I just love hating multi-tasking. Self-styled multi-taskers are the most irritating, self-deluding, smug and dangerous people I know. Fortunately, they are doomed to distinction in evolutionary terms – their brains will never spend long on enough attending to one thing to develop into anything beyond neural spacedust, and they will walk into moving traffic as they change songs on their iPods. Unfortunately, a number of the rest of us will be killed by drivers who are reaching for a sandwich, putting on lipstick, arguing on their mobile or distracted by their overpumped in-car entertainment system. And I predict that most of those killers will be women, since it is women who are falsely credited with being able to multi-task. Let’s hope they stop believing it.
Up til now, my anti multi-tasking rants have focused on a bit of research here, and a hunch there. But I was delighted to see the main points immortalized in print in John Medina’s book Brain Rules. I’d heartily recommend the book, it’s one of the best reads I’ve had in a long time, but for the low-down on the multi-tasking see the section on Attention at www.brainrules.net.
Pass on the good news
If you want to make the world a better place, share the news with others. Here’s an example. On my way to Malta a few weeks ago, I was waiting in the queue for the checkouts at Boots at Gatwick Airport. There were two people on the tills, one a rather dour looking girl, the other a friendly looking guy. Please God, I thought, let me get the nice bloke. The dour girl was treating the customer in front of her like she was trying to bring back library books that were ten years overdue, issuing thin-lipped information about what the customer could and couldn’t do as she stared into the till and fiddled with change.
I was just on the point of wanting to slap her, when she looked up at the customer and suddenly the impression changed – she wasn’t a fembot after all. Meanwhile, I was lucky enough to get the nice bloke, who was even nicer than the impression I’d had. His colleague was bantering with him as I went towards the till, so he smiled at me and said ‘We’re always having these arguments about multi-tasking, because she says men can’t multitask’.
‘Nobody can’, I replied,’Not even women’. Its’ a myth. There are people who think a better word for it would be ‘continuous partial attention’.
‘Continuous partial attention’, he repeated, clearly engaged ‘I must remember that. You learn something new everyday.’

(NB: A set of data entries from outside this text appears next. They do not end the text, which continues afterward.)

lemma mat_has_jet_mat_list_prod:
  "list_all2 (mat_has_jet k n) Fs Ds \<Longrightarrow>
   mat_has_jet k n (\<lambda>h. mat_list_prod n (map (\<lambda>F. F h) Fs)) (mat_list_prod n Ds)"
proof (induction Fs Ds rule: list_all2_induct)
  case Nil
  then show ?case
    by (auto simp: mat_has_jet_def has_jet_def)
next
  case (Cons F Fs D Ds)
  then show ?case
    using mat_has_jet_mult[of k n F D] by simp
qed

lemma mat_has_jet_one_minus_smult:
  assumes "mat_has_jet k n F D"
  shows "mat_has_jet k n (\<lambda>h. 1\<^sub>m n - x \<cdot>\<^sub>m F h) (1\<^sub>m n - jet_const x \<cdot>\<^sub>m D)"
proof -
  have F: "F h \<in> carrier_mat n n" for h
    using assms by (simp add: mat_has_jet_def)
  have D: "D \<in> carrier_mat n n"
    using assms by (simp add: mat_has_jet_def)
  have "has_jet k (\<lambda>h. (1\<^sub>m n - x \<cdot>\<^sub>m F h) $$ (a, b)) ((1\<^sub>m n - jet_const x \<cdot>\<^sub>m D) $$ (a, b))"
    if "a < n" "b < n" for a b
  proof -
    have "has_jet k (\<lambda>h. (if a = b then 1 else 0) - x * F h $$ (a, b))
        ((if a = b then 1 else 0) - jet_const x * D $$ (a, b))"
      using assms that has_jet_const[of k 0] has_jet_const[of k 1]
      by (intro has_jet_diff has_jet_mult has_jet_if has_jet_const) (auto simp: mat_has_jet_def)
    moreover have "dim_row (F h) = n" "dim_col (F h) = n" for h
      using F by auto
    ultimately show ?thesis
      using D that by simp
  qed
  with assms F show ?thesis
    unfolding mat_has_jet_def by (auto intro!: minus_carrier_mat smult_carrier_mat)
qed

lemma has_jet_det:
  assumes "mat_has_jet k n F D"
  shows "has_jet k (\<lambda>h. det (F h)) (det D)"
proof -
  have "has_jet k (\<lambda>h. \<Sum>p | p permutes {0..<n}. signof p * (\<Prod>a = 0..<n. F h $$ (a, p a)))
      (\<Sum>p | p permutes {0..<n}. signof p * (\<Prod>a = 0..<n. D $$ (a, p a)))"
  proof (intro has_jet_sum has_jet_mult has_jet_prod)
    fix p a assume "p \<in> {p. p permutes {0..<n}}" "a \<in> {0..<n}"
    with assms show "has_jet k (\<lambda>h. F h $$ (a, p a)) (D $$ (a, p a))"
      by (auto simp: mat_has_jet_def permutes_in_image)
  qed (auto simp: finite_permutations jet_of_int intro: has_jet_const)
  with assms show ?thesis
    by (simp add: mat_has_jet_def det_def'[of _ n])
qed

text \<open>The 0/1 matrix of a map \<open>g\<close> of positions: the row of position \<open>p\<close> has its single 1 in
  the column of position \<open>g p\<close> (positions are 1-based, matrix indices 0-based).\<close>
definition fun_mat :: "nat \<Rightarrow> (nat \<Rightarrow> nat) \<Rightarrow> 'a::comm_ring_1 mat" where
  "fun_mat n g = mat n n (\<lambda>(a, b). if Suc b = g (Suc a) then 1 else 0)"

lemma fun_mat_carrier [simp]: "fun_mat n g \<in> carrier_mat n n"
  and dim_fun_mat [simp]: "dim_row (fun_mat n g) = n" "dim_col (fun_mat n g) = n"
  by (simp_all add: fun_mat_def)

lemma index_fun_mat [simp]:
  "a < n \<Longrightarrow> b < n \<Longrightarrow> fun_mat n g $$ (a, b) = (if Suc b = g (Suc a) then 1 else 0)"
  by (simp add: fun_mat_def)

lemma fun_mat_id: "fun_mat n id = 1\<^sub>m n"
  by (rule eq_matI) auto

lemma fun_mat_mult:
  assumes "g ` {1..n} \<subseteq> {1..n}"
  shows "fun_mat n g * fun_mat n h = fun_mat n (h \<circ> g)"
proof (rule eq_matI)
  fix a b assume "a < dim_row (fun_mat n (h \<circ> g))" "b < dim_col (fun_mat n (h \<circ> g))"
  then have ab: "a < n" "b < n" by simp_all
  with assms have "g (Suc a) \<in> {1..n}" by (auto simp: image_subset_iff)
  then obtain c where c: "g (Suc a) = Suc c" "c < n"
    by (cases "g (Suc a)") auto
  have "(fun_mat n g * fun_mat n h) $$ (a, b) =
      (\<Sum>c'\<in>{0..<n}. (if c' = c then 1 else 0) * (if Suc b = h (Suc c') then 1 else 0))"
    using ab c by (simp add: scalar_prod_def)
  also have "\<dots> = (\<Sum>c'\<in>{0..<n}. if c' = c then (if Suc b = h (Suc c') then 1 else 0) else 0)"
    by (rule sum.cong) auto
  also have "\<dots> = fun_mat n (h \<circ> g) $$ (a, b)"
    using ab c by simp
  finally show "(fun_mat n g * fun_mat n h) $$ (a, b) = fun_mat n (h \<circ> g) $$ (a, b)" .
qed auto

lemma swap_pos_eq_transpose: "swap_pos i = transpose i (i + 1)"
  by (auto simp: fun_eq_iff swap_pos_def transpose_def)

lemma follow_Nil [simp]: "follow [] = id"
  and follow_Cons [simp]: "follow (l # ws) = follow ws \<circ> swap_pos (fst l)"
  by (simp_all add: follow_def fun_eq_iff)

lemma follow_append: "follow (ws @ vs) = follow vs \<circ> follow ws"
  by (simp add: follow_def fun_eq_iff)

lemma swap_pos_swap_pos [simp]: "swap_pos i (swap_pos i p) = p"
  by (simp add: swap_pos_def)

lemma follow_rev_follow [simp]: "follow (rev ws) (follow ws p) = p"
  by (induction ws arbitrary: p) (simp_all add: follow_append)

lemma follow_follow_rev [simp]: "follow ws (follow (rev ws) p) = p"
  using follow_rev_follow[of "rev ws"] by simp

lemma braid_word_iff: "braid_word n w \<longleftrightarrow> (\<forall>l\<in>set w. 1 \<le> fst l \<and> fst l < n \<and> (snd l = 1 \<or> snd l = -1))"
  by (auto simp: braid_word_def)

lemma braid_word_Cons:
  "braid_word n (l # ws) \<longleftrightarrow> 1 \<le> fst l \<and> fst l < n \<and> (snd l = 1 \<or> snd l = -1) \<and> braid_word n ws"
  by (auto simp: braid_word_iff)

lemma braid_word_nth:
  "braid_word n w \<Longrightarrow> r < length w \<Longrightarrow>
    1 \<le> fst (w ! r) \<and> fst (w ! r) < n \<and> (snd (w ! r) = 1 \<or> snd (w ! r) = -1)"
  by (simp add: braid_word_iff)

And as I left, I realised why his colleague had come over so dour and ghastly – she was trying to multi-task: talk to a customer while she was counting change. And because she was counting change, she talked to the customer without eye contact, as if the customer was a coin that needed putting in the til, not a human being. As soon as she stopped multi-tasking and focused on the customer, she was normal again.

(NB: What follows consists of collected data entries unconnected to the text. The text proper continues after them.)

lemma left_block_factorization:
  assumes B: "B \<in> carrier_mat r N" and rN: "r \<le> N" and L: "invertible_mat (left_block r B)"
  obtains B' where "B' \<in> carrier_mat r N" "B = left_block r B * B'"
    "\<And>t i. t < r \<Longrightarrow> i < r \<Longrightarrow> B' $$ (t, i) = (if t = i then 1 else 0)"
    and "det (left_block r B) \<noteq> 0"
proof -
  let ?L = "left_block r B"
  have Lc: "?L \<in> carrier_mat r r" unfolding left_block_def by simp
  obtain Li where Li: "Li \<in> carrier_mat r r" "?L * Li = 1\<^sub>m r" "Li * ?L = 1\<^sub>m r"
    using L Lc unfolding invertible_mat_def inverts_mat_def
    by (metis carrier_matD carrier_matI index_mult_mat(2,3) index_one_mat(2,3))
  let ?B' = "Li * B"
  have "B = ?L * ?B'"
    using Li Lc B by (simp add: assoc_mult_mat[symmetric, of _ r r _ r _ N])
  moreover have "?B' $$ (t, i) = (if t = i then 1 else 0)" if "t < r" "i < r" for t i
  proof -
    have "?B' $$ (t, i) = row Li t \<bullet> col B i" using that Li B rN by simp
    also have "col B i = col ?L i" using that B rN unfolding left_block_def by (auto simp: col_def)
    also have "row Li t \<bullet> col ?L i = (Li * ?L) $$ (t, i)"
      using that Li Lc by (intro index_mult_mat(1)[symmetric]) auto
    finally show ?thesis using Li that by simp
  qed
  moreover have "det ?L * det Li = 1"
    using det_mult[OF Lc Li(1)] Li(2) by simp
  then have "det ?L \<noteq> 0" by auto
  ultimately show ?thesis using that[of ?B'] Li B by auto
qed

lemma back_mat_weighted:
  assumes r: "1 \<le> r" "r \<le> N" and ar: "a (- int r) \<noteq> 0" and i: "i < N" and p: "p < r"
  defines "e \<equiv> int (N - r) + int p - int i"
  shows "weighted_degree_le r e (back_mat r N a $$ (i, p))"
    and "weighted_coeff r e (back_mat r N a $$ (i, p)) \<noteq> 0 \<longleftrightarrow> int r dvd e"
proof -
  have "int (N - 1 - i) - int (r - 1 - p) = e" unfolding e_def using r i p by (simp add: of_nat_diff)
  then show "weighted_degree_le r e (back_mat r N a $$ (i, p))"
    and "weighted_coeff r e (back_mat r N a $$ (i, p)) \<noteq> 0 \<longleftrightarrow> int r dvd e"
    using back_poly_weighted[where r=r and a=a and s="r - 1 - p" and n="N - 1 - i", OF r(1) ar] i p
    unfolding back_mat_def by auto
qed

lemma boundary_mat_entry:
  assumes r: "r \<le> N" and B: "B \<in> carrier_mat r N" and t: "t < r" and p: "p < r"
    and unit: "\<And>i. i < r \<Longrightarrow> B $$ (t, i) = (if t = i then 1 else 0)"
  shows "boundary_mat r N a B $$ (t, p)
    = back_mat r N a $$ (t, p) + (\<Sum>i\<in>{r..<N}. smult (B $$ (t, i)) (back_mat r N a $$ (i, p)))"
proof -
  have "boundary_mat r N a B $$ (t, p) = (\<Sum>i\<in>{0..<N}. smult (B $$ (t, i)) (back_mat r N a $$ (i, p)))"
    using B t p unfolding boundary_mat_def by (simp add: scalar_prod_def back_mat_def)
  also have "\<dots> = (\<Sum>i\<in>{0..<r}. smult (B $$ (t, i)) (back_mat r N a $$ (i, p)))
      + (\<Sum>i\<in>{r..<N}. smult (B $$ (t, i)) (back_mat r N a $$ (i, p)))"
    using r by (simp add: sum.atLeastLessThan_concat)
  also have "(\<Sum>i\<in>{0..<r}. smult (B $$ (t, i)) (back_mat r N a $$ (i, p)))
      = (\<Sum>i\<in>{0..<r}. if i = t then back_mat r N a $$ (t, p) else 0)"
    by (intro sum.cong) (auto simp: unit)
  finally show ?thesis using t by simp
qed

My nice bloke, by contrast, focused on the customer (me), maintained eye contact, and had a real conversation. He could do this, because he didn’t try to do something else at the same time. For service like that, I’d come back to Boots, so customer-service trainers, take note.
See also (via wikipedia) Christine Rosen (2008) The Myth of Multitasking from The New Atlantis.

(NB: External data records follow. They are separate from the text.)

lemma floor_half_minus_power_ge:
  assumes "2 \<le> L" "4 \<le> x" "m = nat \<lfloor>x / 2\<rfloor>"
  shows "x / 8 \<le> real m - real m ^ L / x ^ (L - 1)"
proof -
  have "real m = real_of_int \<lfloor>x / 2\<rfloor>"
    using assms by simp
  then have m: "real m \<le> x / 2" "x / 2 - 1 \<le> real m"
    by linarith+
  obtain k where "L = Suc k"
    using assms by (cases L) auto
  then have "real m ^ L / x ^ (L - 1) = real m * (real m / x) ^ (L - 1)"
    by (simp add: power_divide)
  also have "\<dots> \<le> real m * (1 / 2) ^ (L - 1)"
    using m assms by (intro mult_left_mono power_mono) (auto simp: field_simps)
  also have "\<dots> \<le> real m * (1 / 2) ^ 1"
    using assms by (intro mult_left_mono power_decreasing) auto
  finally have "real m ^ L / x ^ (L - 1) \<le> real m / 2"
    by simp
  then show ?thesis
    using m assms by linarith
qed

lemma ex_avg_rad_list_decodable_card_ge:
  assumes "2 \<le> L" "0 < P" and a: "a = real L * (P - N) / P" "1 \<le> a"
    and exponent: "a - 1 - ln a = 2 * ((real L - 1) * \<tau>)"
    and x: "2 * real L + 4 \<le> exp (real n * \<tau>)" "exp (real n * \<tau>) \<le> 2 ^ n"
  shows "\<exists>C. avg_rad_list_decodable n P N L C \<and> exp (real n * \<tau>) / 8 \<le> real (card C)"
proof -
  define x where "x = exp (real n * \<tau>)"
  define m where "m = nat \<lfloor>x / 2\<rfloor>"
  have "L \<le> m"
    using x by (simp add: m_def x_def le_nat_floor)
  moreover have "m \<le> 2 ^ n"
  proof -
    have "x / 2 < 2 ^ n + 1"
      using x zero_le_power[of "2 :: real" n] by (simp add: x_def)
    then show ?thesis
      by (simp add: m_def nat_le_iff floor_le_iff)
  qed
  moreover have "sqrt P \<noteq> 0" "(sqrt P)\<^sup>2 = P"
    using assms by auto
  ultimately obtain C where C: "avg_rad_list_decodable n P N L C"
    and card_C: "real m - real m ^ L * exp (- real n * (a - 1 - ln a) / 2) \<le> real (card C)"
    using ex_avg_rad_list_decodable_sign_code[of "sqrt P" L m n a N] assms by auto
  have "exp (- real n * (a - 1 - ln a) / 2) = exp (- (real (L - 1) * (real n * \<tau>)))"
    unfolding exponent using \<open>2 \<le> L\<close> by (simp add: of_nat_diff mult_ac)
  also have "\<dots> = 1 / x ^ (L - 1)"
    by (simp add: x_def exp_minus exp_of_nat_mult inverse_eq_divide)
  finally have "x / 8 \<le> real m - real m ^ L * exp (- real n * (a - 1 - ln a) / 2)"
    using floor_half_minus_power_ge[of L x m] \<open>2 \<le> L\<close> x by (simp add: m_def x_def)
  with C card_C show ?thesis
    unfolding x_def by force
qed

At another Boots (at Heathrow), I had to wait for the cashier to finish her conversation with a cashier from another shop who’d dropped by.
‘I looked for you on Facebook’ she said ‘But I couldn’t see you’.
‘Oh that’s right, it’s because I’m hidden or something. Wait let me tell you what my screen name is’.
A lot of slow spelling and typing into phones. Just when I thought it was over, they got on to the subject of the visitor’s hairstyle. This went on for a while, and then they finally finished up
“Keep going with that hair, eh?” was the parting shot with a big smile.
She then turned to me (after about perhaps 2 minutes of talking to her friend) and her face turned sour and unfriendly, as if to say ‘What are you doing wasting my time in my shop?’
Well done Boots -excellent customer service and management.